From e114a0390b0aeb493a922ed3f90d0b90c7ad3c7f Mon Sep 17 00:00:00 2001
From: Henning Baldersheim <balder@yahoo-inc.com>
Date: Wed, 26 Feb 2020 05:52:53 +0000
Subject: Add single threaded thoughput optimized executor with high and low
 watermark at 25% / 75%.

---
 .../src/tests/singleexecutor/CMakeLists.txt        |   8 ++
 .../tests/singleexecutor/singleexecutor_test.cpp   |  80 +++++++++++++
 .../src/vespa/vespalib/util/CMakeLists.txt         |   1 +
 .../src/vespa/vespalib/util/singleexecutor.cpp     | 124 +++++++++++++++++++++
 .../src/vespa/vespalib/util/singleexecutor.h       |  55 +++++++++
 5 files changed, 268 insertions(+)
 create mode 100644 staging_vespalib/src/tests/singleexecutor/CMakeLists.txt
 create mode 100644 staging_vespalib/src/tests/singleexecutor/singleexecutor_test.cpp
 create mode 100644 staging_vespalib/src/vespa/vespalib/util/singleexecutor.cpp
 create mode 100644 staging_vespalib/src/vespa/vespalib/util/singleexecutor.h

(limited to 'staging_vespalib/src')
diff --git a/staging_vespalib/src/tests/singleexecutor/CMakeLists.txt b/staging_vespalib/src/tests/singleexecutor/CMakeLists.txt
new file mode 100644
index 00000000000..c5d42d2c8c5
--- /dev/null
+++ b/staging_vespalib/src/tests/singleexecutor/CMakeLists.txt
@@ -0,0 +1,8 @@
+# Copyright 2017 Yahoo Holdings. Licensed under the terms of the Apache 2.0 license. See LICENSE in the project root.

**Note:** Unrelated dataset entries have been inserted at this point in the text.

lemma grid_tensor_deep_score_eq_shallow_zero:
  assumes "1 \<le> L" "first_layer_inactive f M r xs th w"
  shows "grid_tensor M (2^L) xs (shallow_score f M (2^L) 1 th' a (\<lambda>_. 0))
       = grid_tensor M (2^L) xs (deep_score f M L r th w)"
  unfolding grid_tensor_def
proof (rule restrict_ext)
  fix dd :: "nat \<Rightarrow> nat"
  assume "dd \<in> {dd. \<forall>i<2^L. dd i < M}"
  then have "deep_score f M L r th w (\<lambda>i. xs (dd i)) = 0"
    using assms unfolding first_layer_inactive_def by (intro deep_score_eq_0) auto
  then show "shallow_score f M (2^L) 1 th' a (\<lambda>_. 0) (\<lambda>i. xs (dd i)) = deep_score f M L r th w (\<lambda>i. xs (dd i))"
    by (simp add: shallow_score_def)
qed

lemma first_layer_inactive_near:
  fixes M :: nat and c :: "nat \<Rightarrow> real"
  assumes fam: "rep_family \<Theta> f" and th0: "\<forall>d<M. th0 d \<in> \<Theta>"
    and c: "\<forall>j<M. (\<Sum>d<M. c d * f (th0 d) (xs j)) \<le> -1"
  obtains \<delta> \<rho> where "\<forall>d<M. 0 < \<delta> d \<and> 0 < \<rho> d"
    and "\<forall>th w. (\<forall>d<M. dist (th d) (th0 d) < \<delta> d) \<and> (\<forall>\<gamma><r 0. \<forall>d<M. \<bar>w (0, \<gamma>, d) - c d\<bar> < \<rho> d) \<longrightarrow>
           (\<forall>d<M. th d \<in> \<Theta>) \<and> first_layer_inactive f M r xs th w"
proof -
  have "\<forall>d<M. \<exists>\<rho>>0. \<exists>\<delta>>0. \<forall>a \<theta>. \<bar>a - c d\<bar> < \<rho> \<longrightarrow> dist \<theta> (th0 d) < \<delta> \<longrightarrow>
          \<theta> \<in> \<Theta> \<and> (\<forall>x\<in>xs ` {..<M}. a * f \<theta> x < c d * f (th0 d) x + 1 / M)"
    using th0 by (intro allI impI rep_family_mult_less_near[OF fam]) auto
  then obtain \<rho> \<delta> where \<rho>\<delta>: "\<forall>d<M. 0 < \<rho> d \<and> 0 < \<delta> d \<and> (\<forall>a \<theta>. \<bar>a - c d\<bar> < \<rho> d \<longrightarrow>
      dist \<theta> (th0 d) < \<delta> d \<longrightarrow> \<theta> \<in> \<Theta> \<and> (\<forall>x\<in>xs ` {..<M}. a * f \<theta> x < c d * f (th0 d) x + 1 / M))"
    by metis
  show ?thesis
  proof (rule that)
    show "\<forall>d<M. 0 < \<delta> d \<and> 0 < \<rho> d"
      using \<rho>\<delta> by blast
    show "\<forall>th w. (\<forall>d<M. dist (th d) (th0 d) < \<delta> d) \<and> (\<forall>\<gamma><r 0. \<forall>d<M. \<bar>w (0, \<gamma>, d) - c d\<bar> < \<rho> d) \<longrightarrow>
           (\<forall>d<M. th d \<in> \<Theta>) \<and> first_layer_inactive f M r xs th w"
    proof (intro allI impI, elim conjE)
      fix th and w :: "nat \<times> nat \<times> nat \<Rightarrow> real"
      assume th: "\<forall>d<M. dist (th d) (th0 d) < \<delta> d"
        and w: "\<forall>\<gamma><r 0. \<forall>d<M. \<bar>w (0, \<gamma>, d) - c d\<bar> < \<rho> d"
      have "th d \<in> \<Theta>" if "d < M" for d
      proof -
        have "\<bar>c d - c d\<bar> < \<rho> d"
          using \<rho>\<delta> that by simp
        then show ?thesis
          using \<rho>\<delta> th that by blast
      qed
      moreover have "(\<Sum>d<M. w (0, \<gamma>, d) * f (th d) (xs j)) < 0" if "\<gamma> < r 0" "j < M" for \<gamma> j
      proof -
        have "(\<Sum>d<M. w (0, \<gamma>, d) * f (th d) (xs j)) < (\<Sum>d<M. c d * f (th0 d) (xs j) + 1 / M)"
          using \<rho>\<delta> th w that by (intro sum_strict_mono) auto
        also have "\<dots> = (\<Sum>d<M. c d * f (th0 d) (xs j)) + 1"
          using \<open>j < M\<close> by (simp add: sum.distrib)
        also have "\<dots> \<le> 0"
          using c \<open>j < M\<close> by auto
        finally show ?thesis .
      qed
      ultimately show "(\<forall>d<M. th d \<in> \<Theta>) \<and> first_layer_inactive f M r xs th w"
        unfolding first_layer_inactive_def by (auto intro: less_imp_le)
    qed
  qed
qed
(* Let $V,W$ satisfy (H1)–(H3) of the context and let $\beta_N>0$ with $\beta_N/(N\log N)\to\infty$. Let $\mu$ be a probability measure on $\mathbb{R}^d$ supported in a box $B=\prod_{i=1}^d[a_i,b_i]$, with density $h$ w.r.t. Lebesgue measure such that $\delta\leq h\leq\delta^{-1}$ on $B$ for some $\delta>0$. Then for every $r>0$, $$\liminf_{N\to\infty}\frac{\log Z_NQ_N(B(\mu,r))}{\beta_N}\geq-I(\mu),$$ where $B(\mu,r)=\{\nu:d_{\mathrm{FM}}(\mu,\nu)<r\}$.
   Context: (H1) $W:\mathbb{R}^d\times\mathbb{R}^d\to(-\infty,+\infty]$ continuous, symmetric, finite off the diagonal, and for each compact $K$, $z\mapsto\sup\{W(x,y):|x-y|\geq|z|,x,y\in K\}$ locally Lebesgue integrable; (H2) $V:\mathbb{R}^d\to\mathbb{R}$ continuous, $V(x)\to\infty$ as $|x|\to\infty$, $\int e^{-V}<\infty$; (H3) $W(x,y)\geq c-\varepsilon_o(V(x)+V(y))$ for some $c\in\mathbb{R}$, $\varepsilon_o\in(0,1)$. $H_N(x)=\frac1N\sum_iV(x_i)+\frac1{N^2}\sum_{i<j}W(x_i,x_j)$, $Z_N=\int e^{-\beta_NH_N}dx$, $P_N\propto e^{-\beta_NH_N}dx$, $Q_N$ the law of $\mu_N=\frac1N\sum_i\delta_{x_i}$ under $P_N$; $I(\mu)=\frac12\iint(V(x)+V(y)+W(x,y))d\mu d\mu$; $d_{\mathrm{FM}}$ the Fortet–Mourier distance $\sup\{\int fd\mu-\int fd\nu:\sup|f|\leq1,\ f\ 1\text{-Lipschitz}\}$. *)

theory Defs
  imports "HOL-Probability.Probability"
begin

definition empirical :: "nat \<Rightarrow> (nat \<Rightarrow> 'a::euclidean_space) \<Rightarrow> 'a measure" where
  "empirical N x = distr (uniform_count_measure {..<N}) borel x"

definition dFM :: "'a::euclidean_space measure \<Rightarrow> 'a measure \<Rightarrow> real" where
  "dFM \<mu> \<nu> = (SUP f \<in> {f. (\<forall>x. \<bar>f x\<bar> \<le> 1) \<and> 1-lipschitz_on UNIV f}.
                 integral\<^sup>L \<mu> f - integral\<^sup>L \<nu> f)"

text \<open>Energy H_N; W takes values in (-infinity, +infinity], hence ereal.\<close>
definition HN :: "('a \<Rightarrow> real) \<Rightarrow> ('a \<Rightarrow> 'a \<Rightarrow> ereal) \<Rightarrow> nat \<Rightarrow> (nat \<Rightarrow> 'a) \<Rightarrow> ereal" where
  "HN V W N x = ereal ((\<Sum>i<N. V (x i)) / real N)
      + (\<Sum>i<N. \<Sum>j\<in>{i<..<N}. W (x i) (x j)) / ereal ((real N)\<^sup>2)"

definition boltz :: "real \<Rightarrow> ereal \<Rightarrow> ennreal" where
  "boltz b H = (if H = \<infinity> then 0 else ennreal (exp (- b * real_of_ereal H)))"

definition ZQ :: "(nat \<Rightarrow> real) \<Rightarrow> ('a::euclidean_space \<Rightarrow> real) \<Rightarrow> ('a \<Rightarrow> 'a \<Rightarrow> ereal)
                   \<Rightarrow> nat \<Rightarrow> 'a measure set \<Rightarrow> ennreal" where
  "ZQ \<beta> V W N A = (\<integral>\<^sup>+ x. indicator {x. empirical N x \<in> A} x * boltz (\<beta> N) (HN V W N x)
                      \<partial>(\<Pi>\<^sub>M i\<in>{..<N}. (lborel :: 'a measure)))"

definition eln :: "ennreal \<Rightarrow> ereal" where
  "eln z = (if z = 0 then - \<infinity> else if z = \<infinity> then \<infinity> else ereal (ln (enn2real z)))"

text \<open>I(mu) = 1/2 double integral of V(x)+V(y)+W(x,y), as (positive part - negative part).\<close>
definition Irate :: "('a::euclidean_space \<Rightarrow> real) \<Rightarrow> ('a \<Rightarrow> 'a \<Rightarrow> ereal) \<Rightarrow> 'a measure \<Rightarrow> ereal" where
  "Irate V W \<mu> =
     (let f = (\<lambda>p. ereal (V (fst p)) + ereal (V (snd p)) + W (fst p) (snd p)) in
      (enn2ereal (\<integral>\<^sup>+ p. e2ennreal (f p) \<partial>(\<mu> \<Otimes>\<^sub>M \<mu>))
       - enn2ereal (\<integral>\<^sup>+ p. e2ennreal (- f p) \<partial>(\<mu> \<Otimes>\<^sub>M \<mu>))) / 2)"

+vespa_add_executable(staging_vespalib_singleexecutor_test_app TEST
+    SOURCES
+    singleexecutor_test.cpp
+    DEPENDS
+    staging_vespalib
+)
+vespa_add_test(NAME staging_vespalib_singleexecutor_test_app COMMAND staging_vespalib_singleexecutor_test_app)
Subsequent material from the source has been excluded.